By TraderVox.com
The political situation in Greece and the fears of financial stability of Italy and Spain were the major drivers of risk aversion. The political picture in Greece has become once again uncertain with fresh elections likely to be around early next month after talks between parties failed early this week. A care taker government has been appointed to take care of Greece for the time being. Speculations are running wild with Greek exit on the top of the agenda. In the wake of this uncertainty the Fitch rating agency has downgraded Greece to one notch below investment grade.
Europe saw further downgrades in Italy and Spain. Moody's Investor Service downgraded 26 Italian banks and 16 Spanish banks. This has led to a sharp rise in the bond yields of both the countries and is detrimental to the Spanish Prime Minister, Mariano Rajoy’s efforts of to cut the budget deficit and bring it down to the European Union acceptable levels.

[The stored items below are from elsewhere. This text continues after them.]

lemma twisted_zeta_double:
  assumes "m \<ge> 2"
  shows "twisted_zeta m th x =
    (twisted_zeta m (2 * th) (x / 2) + cis th * twisted_zeta m (2 * th) ((x - 1) / 2)) / 2 ^ m"
proof -
  let ?f = "\<lambda>th x n. cis (th * of_int n) / complex_of_real ((of_int n - x) ^ m)"
  have "(?f th x has_sum (twisted_zeta m (2 * th) (x / 2) / 2 ^ m +
      cis th * twisted_zeta m (2 * th) ((x - 1) / 2) / 2 ^ m)) UNIV"
  proof (rule has_sum_int_parity)
    have "?f th x (2 * j) = ?f (2 * th) (x / 2) j / 2 ^ m" for j
    proof -
      have "of_int (2 * j) - x = 2 * (of_int j - x / 2)"
        by simp
      then show ?thesis
        by (simp only: power_mult_distrib) (simp add: mult_ac)
    qed
    then show "((\<lambda>j. ?f th x (2 * j)) has_sum twisted_zeta m (2 * th) (x / 2) / 2 ^ m) UNIV"
      unfolding twisted_zeta_def
      by (simp only:) (intro has_sum_divide_const has_sum_infsum summable_on_twisted_zeta assms)
    have "?f th x (2 * j + 1) = cis th * ?f (2 * th) ((x - 1) / 2) j / 2 ^ m" for j
    proof -
      have "of_int (2 * j + 1) - x = 2 * (of_int j - (x - 1) / 2)"
        by (simp add: field_simps)
      moreover have "cis (th * of_int (2 * j + 1)) = cis th * cis (2 * th * of_int j)"
        by (simp add: cis_mult algebra_simps)
      ultimately show ?thesis
        by (simp only: power_mult_distrib) (simp add: mult_ac)
    qed
    then show "((\<lambda>j. ?f th x (2 * j + 1)) has_sum
        cis th * twisted_zeta m (2 * th) ((x - 1) / 2) / 2 ^ m) UNIV"
      unfolding twisted_zeta_def
      by (simp only: times_divide_eq_right[symmetric])
        (intro has_sum_divide_const has_sum_cmult_right has_sum_infsum
          summable_on_twisted_zeta assms)
  qed
  then show ?thesis
    unfolding twisted_zeta_def[of m th x] by (simp add: infsumI add_divide_distrib)
qed

section \<open>Elementary estimates\<close>

lemma cis_double_minus_1: "cis (2 * t) - 1 = 2 * \<i> * complex_of_real (sin t) * cis t"
  by (simp add: complex_eq_iff cos_double_sin sin_double power2_eq_square)

lemma cis_double_plus_1: "cis (2 * t) + 1 = 2 * complex_of_real (cos t) * cis t"
  by (simp add: complex_eq_iff cos_double_cos sin_double power2_eq_square)

lemma cis_2pi_times_halves:
  "cis (2 * pi * x) = cis (pi * x) ^ 2" "cis (2 * pi * (x / 2)) = cis (pi * x)"
  "cis (2 * pi * ((x - 1) / 2)) = - cis (pi * x)"
proof -
  have "2 * pi * x = pi * x + pi * x" "2 * pi * ((x - 1) / 2) = pi * x - pi"
    by (simp_all add: field_simps)
  then show "cis (2 * pi * x) = cis (pi * x) ^ 2" "cis (2 * pi * (x / 2)) = cis (pi * x)"
    "cis (2 * pi * ((x - 1) / 2)) = - cis (pi * x)"
    by (simp_all only: power2_eq_square cis_mult cis_divide[symmetric]) simp_all
qed

lemma cis_pi_times_pm_1_nonzero:
  assumes "x \<notin> \<int>"
  shows "cis (pi * x) - 1 \<noteq> 0" and "cis (pi * x) + 1 \<noteq> 0"
proof -
  have "sin (pi * x) \<noteq> 0"
    using assms sin_times_pi_eq_0[of x] by (simp add: mult.commute)
  then have "cis (2 * (pi * x)) - 1 \<noteq> 0"
    unfolding cis_double_minus_1 by simp
  moreover have "cis (2 * (pi * x)) - 1 = (cis (pi * x) - 1) * (cis (pi * x) + 1)"
    using cis_2pi_times_halves(1)[of x] by (simp add: power2_eq_square algebra_simps)
  ultimately show "cis (pi * x) - 1 \<noteq> 0" "cis (pi * x) + 1 \<noteq> 0"
    by auto
qed

lemma norm_cis_minus_1_le: "norm (cis v - 1) \<le> \<bar>v\<bar>"
  using Taylor_exp[of "\<i> * of_real v" 0] by (simp add: cis_conv_exp norm_mult)

lemma norm_cis_minus_linear_le: "norm (cis v - 1 - \<i> * of_real v) \<le> v ^ 2"
  using Taylor_exp[of "\<i> * of_real v" 1]
  by (simp add: cis_conv_exp norm_mult power2_eq_square diff_diff_eq)

lemma norm_cis_expansion_div_le:
  assumes "x \<noteq> 0"
  shows "norm ((cis (b * x) - 1 - \<i> * complex_of_real (b * x)) / complex_of_real x ^ 2) \<le> b ^ 2"
    and "norm (\<i> * complex_of_real b * (cis (b * x) - 1) / complex_of_real x) \<le> b ^ 2"
proof -
  show "norm ((cis (b * x) - 1 - \<i> * complex_of_real (b * x)) / complex_of_real x ^ 2) \<le> b ^ 2"
    using norm_cis_minus_linear_le[of "b * x"] assms
    by (simp add: norm_divide norm_power divide_le_eq power_mult_distrib)
  have "\<bar>b\<bar> * norm (cis (b * x) - 1) \<le> \<bar>b\<bar> * (\<bar>b\<bar> * \<bar>x\<bar>)"
    using norm_cis_minus_1_le[of "b * x"] by (intro mult_left_mono) (auto simp: abs_mult)
  then show "norm (\<i> * complex_of_real b * (cis (b * x) - 1) / complex_of_real x) \<le> b ^ 2"
    using assms
    by (simp add: norm_divide norm_mult divide_le_eq power2_eq_square abs_mult_self_eq mult.assoc)
qed

lemma abs_sin_minus_le:
  fixes u :: real
  shows "\<bar>sin u - u\<bar> \<le> \<bar>u\<bar> ^ 3 / 6"
  using Maclaurin_sin_bound[of u 3]
  by (simp add: sin_coeff_def numeral_3_eq_3 lessThan_Suc fact_numeral abs_minus_commute)

lemma abs_cos_minus_1_le:
  fixes u :: real
  shows "\<bar>cos u - 1\<bar> \<le> u ^ 2 / 2"
proof -
  have "sin (u / 2) ^ 2 \<le> (u / 2) ^ 2"
    using abs_sin_x_le_abs_x[of "u / 2"] by (metis abs_ge_zero power2_abs power_mono)
  then show ?thesis
    using cos_double_sin[of "u / 2"] by (simp add: power2_eq_square field_simps)
qed

lemma abs_sin_ge:
  fixes u :: real
  assumes "\<bar>u\<bar> \<le> 2"
  shows "\<bar>u\<bar> / 3 \<le> \<bar>sin u\<bar>"
proof -
  have "\<bar>u\<bar> ^ 3 / 6 = \<bar>u\<bar> * (u ^ 2 / 6)"
    by (simp add: power2_eq_square power3_eq_cube abs_mult_self_eq)
  also have "\<dots> \<le> \<bar>u\<bar> * (2 / 3)"
    using assms abs_le_square_iff[of u 2] by (intro mult_left_mono) auto
  finally show ?thesis
    using abs_sin_minus_le[of u] by linarith
qed

lemma abs_inverse_sin_minus_inverse_le:
  fixes u :: real
  assumes "u \<noteq> 0" and "\<bar>u\<bar> \<le> 2"
  shows "\<bar>1 / sin u - 1 / u\<bar> \<le> 1"
proof -
  have sin_u: "\<bar>u\<bar> / 3 \<le> \<bar>sin u\<bar>"
    using assms(2) by (rule abs_sin_ge)
  with assms(1) have "sin u \<noteq> 0"
    by auto
  then have "\<bar>1 / sin u - 1 / u\<bar> = \<bar>u - sin u\<bar> / (\<bar>u\<bar> * \<bar>sin u\<bar>)"
    using assms(1) by (simp add: field_simps abs_divide abs_mult abs_minus_commute)
  also have "\<dots> \<le> (\<bar>u\<bar> ^ 3 / 6) / (\<bar>u\<bar> * (\<bar>u\<bar> / 3))"
    using abs_sin_minus_le[of u] sin_u assms(1)
    by (intro frac_le mult_left_mono) (auto simp: abs_minus_commute zero_less_mult_iff)
  also have "\<dots> = \<bar>u\<bar> / 2"
    using assms(1) by (simp add: power3_eq_cube field_simps)
  finally show ?thesis
    using assms(2) by linarith
qed

lemma abs_sq_cos_minus_sin_sq_le:
  fixes u :: real
  shows "\<bar>u ^ 2 * cos u - sin u ^ 2\<bar> \<le> 5 / 6 * u ^ 4"
proof -
  have "u ^ 2 * cos u - sin u ^ 2 = u ^ 2 * (cos u - 1) + (u - sin u) * (u + sin u)"
    by (simp add: algebra_simps power2_eq_square)
  moreover have "\<bar>u ^ 2 * (cos u - 1)\<bar> \<le> u ^ 2 * (u ^ 2 / 2)"
    unfolding abs_mult abs_power2 by (intro mult_left_mono abs_cos_minus_1_le) simp
  moreover have "\<bar>(u - sin u) * (u + sin u)\<bar> \<le> (\<bar>u\<bar> ^ 3 / 6) * (2 * \<bar>u\<bar>)"
    using abs_sin_minus_le[of u] abs_sin_x_le_abs_x[of u] unfolding abs_mult
    by (intro mult_mono) (auto simp: abs_minus_commute)
  moreover have "u ^ 2 * (u ^ 2 / 2) = u ^ 4 / 2" "(\<bar>u\<bar> ^ 3 / 6) * (2 * \<bar>u\<bar>) = u ^ 4 / 3"
    by (simp_all add: power4_eq_xxxx power2_eq_square power3_eq_cube flip: mult.assoc)
  ultimately show ?thesis
    by linarith
qed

The Euro is seeing a relief rally towards the close of the European session. The currency is currently on a corrective bullish move with the EUR/USD pair lurking around the 1.270 level. The slight bullish revival in the EUR/USD can be attributed to two reasons. First is the presence of a large number EUR/USD barrier options around the 1.26 level.
Another is the G8 summit this weekend in the US. This is a high risk event and is likely to cause major fluctuation when the markets open next week. So traders are closing out their positions before the weekend to account for this risk event.
The Euro bullish trend is weak and flat. However, the volatility is in favor of the bulls and this could drive the pair to 1.273 levels where it is likely to meet a strong resistance.